Also, GE is short for Glorious Eggroll, which is the name of the dev who creates custom Proton distributions. People refer to these distributions simply as Proton GE or just GE. Ref: https://github.com/GloriousEggroll/proton-ge-custom
GE is Glorious Eggroll, a FOSS contributor to proton that put his own tweaks.
At it’s very basic, the only thing preventing Windows software from running on Linux is the order in which commands are called to start the program. What WINE (and Proton) do is reconfigure the order of command calls. Of course, it’s much more complicated than that because of proprietary third-party software like DLLs, DirectX, and .NET redistributables. The difficulty is increased by nearly all of these being closed source, and so, developers just have to make educated guesses at what’s going on behind the scenes much of the time.
As for getting games working specifically with WINE and Proton, it’s nearly always better to run the game through a terminal window so you can see the logs output in real time. A lot of times, I find a big log at the start saying something like “{LIBRARY NAME} not found” or something along those lines, and simply installing the missing library through your package manager usually fixes the error. For example if it said “libssl errror” then try typing “sudo apt search libssl” and usually there will be a library literally called that letter for letter and install that, or try installing the closest candidate like maybe libssl3 or libssl-dev.

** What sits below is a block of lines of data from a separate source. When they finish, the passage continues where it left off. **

lemma gpow_Suc_right:
  assumes "P \<in> partitions_upto n" "P' \<in> partitions_upto n"
  shows "gpow L0 L1 n (Suc k) P P' = (\<Sum>C\<in>partitions_upto n. gpow L0 L1 n k P C * gen L0 L1 n C P')"
  using assms(1)
proof (induction k arbitrary: P)
  case 0
  have "gpow L0 L1 n (Suc 0) P P' = gen L0 L1 n P P'"
    using assms(2) finite_partitions_upto by (simp add: if_distrib[of "\<lambda>x. _ * x"] cong: if_cong)
  also have "\<dots> = (\<Sum>C\<in>partitions_upto n. (if P = C then 1 else 0) * gen L0 L1 n C P')"
    using 0 finite_partitions_upto by (simp add: if_distrib[of "\<lambda>x. x * _"] cong: if_cong)
  finally show ?case by simp
next
  case (Suc k)
  have "gpow L0 L1 n (Suc (Suc k)) P P'
      = (\<Sum>C\<in>partitions_upto n. gen L0 L1 n P C * (\<Sum>D\<in>partitions_upto n. gpow L0 L1 n k C D * gen L0 L1 n D P'))"
    using Suc.IH by (simp cong: sum.cong)
  also have "\<dots> = (\<Sum>D\<in>partitions_upto n. (\<Sum>C\<in>partitions_upto n. gen L0 L1 n P C * gpow L0 L1 n k C D) * gen L0 L1 n D P')"
    by (simp only: sum_distrib_left sum_distrib_right mult.assoc) (rule sum.swap)
  finally show ?case by simp
qed

lemma sum_gpow_row:
  assumes "P \<in> partitions_upto n"
  shows "(\<Sum>P'\<in>partitions_upto n. gpow L0 L1 n k P P') = (if k = 0 then 1 else 0)"
  using assms
proof (induction k arbitrary: P)
  case 0
  then show ?case using finite_partitions_upto by (simp add: sum.delta)
next
  case (Suc k)
  have "(\<Sum>P'\<in>partitions_upto n. gpow L0 L1 n (Suc k) P P')
     = (\<Sum>C\<in>partitions_upto n. gen L0 L1 n P C * (\<Sum>P'\<in>partitions_upto n. gpow L0 L1 n k C P'))"
    by (simp only: gpow.simps sum_distrib_left) (rule sum.swap)
  also have "\<dots> = (\<Sum>C\<in>partitions_upto n. gen L0 L1 n P C) * (if k = 0 then 1 else 0)"
    using Suc.IH by (simp add: sum_distrib_right cong: sum.cong)
  finally show ?case using sum_gen_row[OF Suc.prems] by simp
qed

definition gen_norm :: "real measure \<Rightarrow> real measure \<Rightarrow> nat \<Rightarrow> real" where
  "gen_norm L0 L1 n = (\<Sum>P\<in>partitions_upto n. \<Sum>C\<in>partitions_upto n. \<bar>gen L0 L1 n P C\<bar>)"

lemma gen_norm_nonneg: "0 \<le> gen_norm L0 L1 n"
  unfolding gen_norm_def by (intro sum_nonneg) auto
lemma min_one_triangle:
  fixes a b c :: real
  assumes "a \<le> b + c" "0 \<le> b" "0 \<le> c"
  shows "min a 1 \<le> min b 1 + min c 1"
  using assms by linarith

lemma frac_abs_triangle:
  fixes a b c :: real
  shows "\<bar>a - c\<bar> / (1 + \<bar>a - c\<bar>) \<le> \<bar>a - b\<bar> / (1 + \<bar>a - b\<bar>) + \<bar>b - c\<bar> / (1 + \<bar>b - c\<bar>)"
proof -
  define s t u where "s = \<bar>a - b\<bar>" and "t = \<bar>b - c\<bar>" and "u = \<bar>a - c\<bar>"
  have st: "0 \<le> s" "0 \<le> t" "0 \<le> u" "u \<le> s + t"
    unfolding s_def t_def u_def by auto
  have "u / (1 + u) \<le> (s + t) / (1 + (s + t))"
    using st by (simp add: divide_simps) (simp add: algebra_simps)
  also have "\<dots> \<le> s / (1 + s) + t / (1 + t)"
    using st by (simp add: divide_simps) (simp add: algebra_simps)
  finally show ?thesis unfolding s_def t_def u_def .
qed

lemma vague_dist_nonneg: "0 \<le> vague_dist \<phi> A B"
  unfolding vague_dist_def by (intro suminf_nonneg summable_halves_weighted) auto

lemma sigma_dist_nonneg: "0 \<le> sigma_dist \<phi> x y"
  unfolding sigma_dist_def
  by (intro add_nonneg_nonneg suminf_nonneg summable_halves_weighted vague_dist_nonneg) auto

lemma Metric_space_sigma_dist: "Metric_space M (sigma_dist \<phi>)"
proof
  fix x y z :: "nat \<Rightarrow> complex"
  show "0 \<le> sigma_dist \<phi> x y"
    by (rule sigma_dist_nonneg)
  show "sigma_dist \<phi> x y = sigma_dist \<phi> y x"
    unfolding sigma_dist_def vague_dist_def by (simp add: norm_minus_commute abs_minus_commute)
  show "sigma_dist \<phi> x y = 0 \<longleftrightarrow> x = y"
  proof
    assume xy: "sigma_dist \<phi> x y = 0"
    have coords: "summable (\<lambda>k. (1/2::real) ^ Suc k * min (cmod (x k - y k)) 1)"
      by (rule summable_halves_weighted) simp
    have "0 \<le> (\<Sum>k. (1/2::real) ^ Suc k * min (cmod (x k - y k)) 1)"
      by (intro suminf_nonneg coords) simp
    then have "(\<Sum>k. (1/2::real) ^ Suc k * min (cmod (x k - y k)) 1) = 0"
      using xy vague_dist_nonneg[of \<phi> "range x" "range y"] unfolding sigma_dist_def by linarith
    then have "min (cmod (x k - y k)) 1 = 0" for k
      using suminf_eq_zero_iff[OF coords] by simp
    then have "x k = y k" for k
      by (metis min_def norm_eq_zero right_minus_eq zero_neq_one)
    then show "x = y" ..
  qed (simp add: sigma_dist_def vague_dist_def)
  have "(\<Sum>k. (1/2::real) ^ Suc k * min (cmod (x k - z k)) 1)
        \<le> (\<Sum>k. (1/2::real) ^ Suc k * min (cmod (x k - y k)) 1)
          + (\<Sum>k. (1/2::real) ^ Suc k * min (cmod (y k - z k)) 1)"
    by (rule halves_weighted_triangle)
       (auto intro!: min_one_triangle norm_diff_triangle_le)
  moreover have "vague_dist \<phi> (range x) (range z)
                 \<le> vague_dist \<phi> (range x) (range y) + vague_dist \<phi> (range y) (range z)"
    unfolding vague_dist_def by (rule halves_weighted_triangle) (auto intro: frac_abs_triangle)
  ultimately show "sigma_dist \<phi> x z \<le> sigma_dist \<phi> x y + sigma_dist \<phi> y z"
    unfolding sigma_dist_def by linarith
qed

lemma continuous_map_suminf:
  fixes f :: "nat \<Rightarrow> 'a \<Rightarrow> real"
  assumes cont: "\<And>k. continuous_map X euclideanreal (f k)"
    and bound: "\<And>k x. x \<in> topspace X \<Longrightarrow> \<bar>f k x\<bar> \<le> M k" and "summable M"
  shows "continuous_map X euclideanreal (\<lambda>x. \<Sum>k. f k x)"
proof -
  have "uniform_limit (topspace X) (\<lambda>N x. \<Sum>k<N. f k x) (\<lambda>x. \<Sum>k. f k x) sequentially"
    using bound \<open>summable M\<close> by (intro Weierstrass_m_test) auto
  moreover have "\<forall>\<^sub>F N in sequentially. continuous_map X euclideanreal (\<lambda>x. \<Sum>k<N. f k x)"
    by (intro always_eventually allI continuous_map_sum cont) simp
  ultimately show ?thesis
    unfolding uniform_limit_iff
    by (intro Met_TC.continuous_map_uniform_limit[where F = sequentially, simplified]) auto
qed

So, the way to actually launch games through a terminal window is this. Substitute your actual steam path for {your steam path} in the following examples. Then you’d type
~/{your steam path}/steamapps/common/{the name of the proton version you want to run}/proton run ~/{the path to the .exe you want to run}/{the .exe you want to run}.exe
.It’s as simple as that. You might immediately get an error saying KeyError: ‘STEAM_COMPAT_CLIENT_INSTALL_PATH’ or KeyError: ‘STEAM_COMPAT_DATA_PATH’.
For STEAM_COMPAT_CLIENT_INSTALL_PATH, simply add or update the environment variable for that key by typing
export STEAM_COMPAT_CLIENT_INSTALL_PATH=~/{your steam path}/compatibilitytools.d
and for STEAM_COMPAT_DATA_PATH typeexport STEAM_COMPAT_DATA_PATH=~/{your steam path}/steamapps/compatdata
@Stefh so a quick follow-up. I actually have this game and tinkered with it this morning to get it working. Here are the steps to get it working:
Click the Settings icon on Hyper Light Drifter (the 3 stacked slider bars icon) then click on WINETRICKS. Once Winetricks loads, click OK, select Install a Window DLL or component, then scroll to d3dcompiler_ with versions 42, 43, 46, and 47. Try installing any of them, I used the latest version, 47. But if you get an error, go back and try a different version. You can confirm that it was installed by going back into Winetricks and the version you installed should now be checked.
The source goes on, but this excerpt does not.